Let $\text{GL}_n^+$ be the group of real invertible $n \times n$ matrices with positive determinant. Set $S=\text{GL}_n^+ \cup \{A \, | \, \text{rank} (A) = n-1 \}$.
Does $S$ form a a submanifold with boundary of $M_n$? ($M_n$ is the space of all square real matrices).
I am not really sure. I know that $S \subseteq \{A \in M_n \, | \, \det A \ge 0 \}$, and that every point of $S$ is a regular point of the determinant function $\det:M_n \to \mathbb{R}$. (The derivative of the determinant at a point $A$, which is the cofactor matrix of $A$, does not vanish when the rank is $n-1$).
However, I am not sure this gives us what we want, since the subset $\{A \in M_n \, | \, \det A \ge 0 \}$ containing points outside of $S$, which are critical points of the determinant function. (when the rank is smaller than $n-1$).
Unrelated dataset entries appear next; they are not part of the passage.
(* Let $\mathcal{X},\mathcal{Y}$ be finite sets, $p(X,Y)$ a fully supported probability distribution on $\mathcal{X}\times\mathcal{Y}$, and $0\le\lambda\le I(X;Y)$. For $\kappa_{\mathcal{X}}\in C(\mathcal{X},\mathbb{N})$, $\kappa_{\mathcal{Y}}\in C(\mathcal{Y},\mathbb{N})$, let $\kappa=\kappa_{\mathcal{X}}\otimes\kappa_{\mathcal{Y}}\in C(\mathcal{X}\times\mathcal{Y},\mathbb{N}\times\mathbb{N})$, $\kappa(t_X,t_Y|x,y)=\kappa_{\mathcal{X}}(t_X|x)\kappa_{\mathcal{Y}}(t_Y|y)$, and let $q(x,y,t_X,t_Y)=p(x,y)\kappa_{\mathcal{X}}(t_X|x)\kappa_{\mathcal{Y}}(t_Y|y)$. Consider: (A) minimise $I_\kappa(X,Y;T)$, with $T=(T_X,T_Y)$, over all such split channels $\kappa=\kappa_{\mathcal{X}}\otimes\kappa_{\mathcal{Y}}$ subject to $D(\kappa(p(X,Y))\|\kappa(p(X)p(Y)))=\lambda$; (S) minimise $I_q(X;T_X)+I_q(Y;T_Y)$ over pairs $(q(T_X|X),q(T_Y|Y))=(\kappa_{\mathcal{X}},\kappa_{\mathcal{Y}})$ subject to $I_q(T_X;T_Y)\ge\lambda$. Then: (i) in (S), replacing the constraint $I_q(T_X;T_Y)\ge\lambda$ by $I_q(T_X;T_Y)=\lambda$ does not change the set of solutions; (ii) the sets of solutions of (A) and (S) are identical (identifying $\kappa_{\mathcal{X}}\otimes\kappa_{\mathcal{Y}}$ with the pair $(\kappa_{\mathcal{X}},\kappa_{\mathcal{Y}})$).
   Context: For sets $\mathcal{A},\mathcal{B}$, $C(\mathcal{A},\mathcal{B})$ denotes the set of channels (conditional probabilities) from $\mathcal{A}$ to $\mathcal{B}$. For a channel $\kappa$ and a distribution $r$ on its input space, $\kappa(r)$ denotes the output distribution $\sum_a\kappa(\cdot|a)r(a)$. $I_\kappa(X,Y;T)$ is computed from $p(x,y)\kappa(t|x,y)$; $D$ is the Kullback–Leibler divergence; $p(X),p(Y)$ are the marginals of $p(X,Y)$. *)

theory Defs
  imports "HOL-Analysis.Analysis"
begin

text \<open>Probability mass functions are real-valued functions; logarithms are natural
  (the base only rescales all information quantities and lambda consistently).\<close>

definition channel :: "('a \<Rightarrow> 'b \<Rightarrow> real) \<Rightarrow> bool" where
  "channel k \<longleftrightarrow> (\<forall>a b. 0 \<le> k a b) \<and> (\<forall>a. (k a has_sum 1) UNIV)"

definition marg1 :: "('a \<Rightarrow> 'b \<Rightarrow> real) \<Rightarrow> 'a \<Rightarrow> real" where
  "marg1 r a = (\<Sum>\<^sub>\<infinity>b. r a b)"

definition marg2 :: "('a \<Rightarrow> 'b \<Rightarrow> real) \<Rightarrow> 'b \<Rightarrow> real" where
  "marg2 r b = (\<Sum>\<^sub>\<infinity>a. r a b)"

text \<open>Mutual information of a joint distribution r(A,B) (convention 0 log 0 = 0,
  which holds since 0 * ln _ = 0).\<close>
definition mutual_info :: "('a \<Rightarrow> 'b \<Rightarrow> real) \<Rightarrow> real" where
  "mutual_info r = infsum (\<lambda>(a,b). r a b * ln (r a b / (marg1 r a * marg2 r b))) UNIV"

definition kl_div :: "('a \<Rightarrow> real) \<Rightarrow> ('a \<Rightarrow> real) \<Rightarrow> real" where
  "kl_div P Q = infsum (\<lambda>a. P a * ln (P a / Q a)) UNIV"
In particular, we can't use directly proposition 5.47 in Lee's book on smooth manifolds (second edition), which says $f^{-1}([b,\infty))$ is a submanifold with boundary (in fact a regular domain) when $b$ is a regular value of $f$.
Specifically, for $n=2$, we have $S=\text{GL}_2^+ \cup \{A \, | \, \text{rank} (A) = 1 \}=M_2 \setminus (\text{GL}_2^- \cup \{0\})$. What can be said in this case?
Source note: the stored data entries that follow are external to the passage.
text \<open>Irreducibility: dropping the letter \<open>x\<close> from \<open>\<alpha>\<close> leaves a word satisfied by some row,
  which therefore violates \<open>\<alpha>\<close> exactly at \<open>x\<close>.\<close>

lemma ex_row_violating_exactly:
  assumes "x \<in> set \<alpha>"
  shows "\<exists>r\<in>set (rows T\<^sub>\<alpha>). \<forall>y\<in>set \<alpha>. val T\<^sub>\<alpha> (fst r) (fst y) \<noteq> snd y \<longleftrightarrow> y = x"
proof -
  let ?\<beta> = "remove1 x \<alpha>"
  have set_\<beta>: "set ?\<beta> = set \<alpha> - {x}"
    using irreducible_ann_distinct[OF irreducible] by simp
  have "length ?\<beta> < length \<alpha>"
    using assms length_pos_if_in_set[OF assms] by (simp add: length_remove1)
  then have "subseq ?\<beta> \<alpha>" "?\<beta> \<noteq> \<alpha>"
    by (auto simp: subseq_remove1)
  then have "\<not> annihilating T ?\<beta>"
    using irreducible by (simp add: irreducible_ann_def)
  moreover have "in_Omega2 T ?\<beta>"
    using annihilating set_\<beta> by (auto simp: annihilating_def in_Omega2_def)
  moreover have "\<forall>f \<delta> \<sigma>. (f, \<delta>) \<in> set ?\<beta> \<and> (f, \<sigma>) \<in> set ?\<beta> \<longrightarrow> \<delta> = \<sigma>"
    using \<alpha>_functional set_\<beta> by blast
  ultimately obtain r' where r': "r' \<in> set (rows T)" "agrees (val T (fst r')) ?\<beta>"
    by (auto simp: annihilating_def subtab_eq_Lambda_iff)
  have "val T (fst r') (fst x) \<noteq> snd x"
    using row_violates_\<alpha>[OF r'(1)] r'(2) set_\<beta> unfolding agrees_def by blast
  then have "\<forall>y\<in>set \<alpha>. val T (fst r') (fst y) \<noteq> snd y \<longleftrightarrow> y = x"
    using r'(2) set_\<beta> unfolding agrees_def by blast
  moreover obtain r where r: "r \<in> set (rows T\<^sub>\<alpha>)" "\<forall>f\<in>attrs. val T\<^sub>\<alpha> (fst r) f = val T (fst r') f"
    using T\<^sub>\<alpha>_row_image[OF r'(1)] by blast
  moreover have "val T\<^sub>\<alpha> (fst r) (fst y) = val T (fst r') (fst y)" if "y \<in> set \<alpha>" for y
    using r(2) that unfolding attrs_def by blast
  ultimately show ?thesis
    by (intro bexI[of _ r]) simp_all
qed

definition witness :: "nat \<times> bool \<Rightarrow> bool list \<times> nat set" where
  "witness x = (SOME r. r \<in> set (rows T\<^sub>\<alpha>) \<and> (\<forall>y\<in>set \<alpha>. val T\<^sub>\<alpha> (fst r) (fst y) \<noteq> snd y \<longleftrightarrow> y = x))"

lemma witness:
  assumes "x \<in> set \<alpha>"
  shows "witness x \<in> set (rows T\<^sub>\<alpha>)" "\<And>y. y \<in> set \<alpha> \<Longrightarrow> val T\<^sub>\<alpha> (fst (witness x)) (fst y) \<noteq> snd y \<longleftrightarrow> y = x"
proof -
  have *: "witness x \<in> set (rows T\<^sub>\<alpha>)
      \<and> (\<forall>y\<in>set \<alpha>. val T\<^sub>\<alpha> (fst (witness x)) (fst y) \<noteq> snd y \<longleftrightarrow> y = x)"
    using someI_ex[OF ex_row_violating_exactly[OF assms, unfolded Bex_def]] unfolding witness_def .
  then show "witness x \<in> set (rows T\<^sub>\<alpha>)"
    by (rule conjunct1)
  show "val T\<^sub>\<alpha> (fst (witness x)) (fst y) \<noteq> snd y \<longleftrightarrow> y = x" if "y \<in> set \<alpha>" for y
    using bspec[OF conjunct2[OF *] that] .
qed

lemma snd_witness:
  assumes "x \<in> set \<alpha>"
  shows "snd (witness x) = {fst x}"
proof -
  have "violated (fst (witness x)) = {fst x}"
  proof (intro equalityI subsetI)
    fix f
    assume "f \<in> violated (fst (witness x))"
    then obtain \<delta> where "(f, \<delta>) \<in> set \<alpha>" "val T\<^sub>\<alpha> (fst (witness x)) f \<noteq> \<delta>"
      unfolding violated_def val_T\<^sub>\<alpha> by blast
    then have "(f, \<delta>) = x"
      using witness(2)[OF assms, of "(f, \<delta>)"] by simp
    then show "f \<in> {fst x}"
      by auto
  next
    fix f
    assume "f \<in> {fst x}"
    moreover have "val T_proj (fst (witness x)) (fst x) \<noteq> snd x"
      using witness(2)[OF assms assms] val_T\<^sub>\<alpha> by simp
    ultimately show "f \<in> violated (fst (witness x))"
      using assms unfolding violated_def by (intro CollectI exI[of _ "snd x"]) simp
  qed
  then show ?thesis
    using T\<^sub>\<alpha>_row_origin[OF witness(1)[OF assms]] by (simp add: dec_def)
qed

abbreviation witnesses :: "(bool list \<times> nat set) set" where
  "witnesses \<equiv> witness ` set \<alpha>"

lemma card_witnesses: "card witnesses = length \<alpha>"
proof -
  have "inj_on witness (set \<alpha>)"
  proof (rule inj_onI)
    fix x y
    assume "x \<in> set \<alpha>" "y \<in> set \<alpha>" "witness x = witness y"
    then show "x = y"
      using witness(2)[of x y] witness(2)[of y y] by simp
  qed
  then show ?thesis
    using card_image distinct_card[OF irreducible_ann_distinct[OF irreducible]] by metis
qed

lemma witnesses_subset_rows: "witnesses \<subseteq> set (rows T\<^sub>\<alpha>)"
  using witness(1) by blast

lemma disjoint_family_on_witnesses: "disjoint_family_on snd witnesses"
  using snd_witness \<alpha>_functional by (fastforce simp: disjoint_family_on_def)

lemma almost_constant_witnesses: "almost_constant witnesses (\<lambda>r. val T\<^sub>\<alpha> (fst r))"
  unfolding almost_constant_def
proof
  fix f
  show "\<exists>a. card {r \<in> witnesses. val T\<^sub>\<alpha> (fst r) f \<noteq> a} \<le> 1"
  proof (cases "\<exists>\<delta>. (f, \<delta>) \<in> set \<alpha>")
    case True
    then obtain \<delta> where "(f, \<delta>) \<in> set \<alpha>"
      by blast
    then have "{r \<in> witnesses. val T\<^sub>\<alpha> (fst r) f \<noteq> \<delta>} \<subseteq> {witness (f, \<delta>)}"
      using witness(2) by fastforce
    then have "card {r \<in> witnesses. val T\<^sub>\<alpha> (fst r) f \<noteq> \<delta>} \<le> card {witness (f, \<delta>)}"
      by (intro card_mono) auto
    then show ?thesis
      by auto
  next
    case False
    then have "f \<notin> set (cols T\<^sub>\<alpha>)"
      by (force simp: set_cols_T\<^sub>\<alpha> attrs_def)
    then have const: "val T\<^sub>\<alpha> (fst r) f = val T\<^sub>\<alpha> [] f" for r
      by (rule val_outside_cols)
    show ?thesis
      by (intro exI[of _ "val T\<^sub>\<alpha> [] f"]) (simp add: const)
  qed
qed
After some more thought, I think that the answer is positive:
Indeed, set $U=\{A \in M_n \, | \, \text{rank} (A) \ge n-1 \}$. $U$ is an open submanifold of $M_n$. The determinant function $\det:U \to \mathbb{R}$ has only regular points (in $U$). In particular $0$, is a regular value of it.
In particular, by proposition 5.47 in Lee's book on smooth manifolds (second edition), $$U \cap \det \ge 0=\text{GL}_n^+ \cup \{A \in M_n \, | \, \text{rank} (A) = n-1 \}=S$$
is a regular domain in $U$.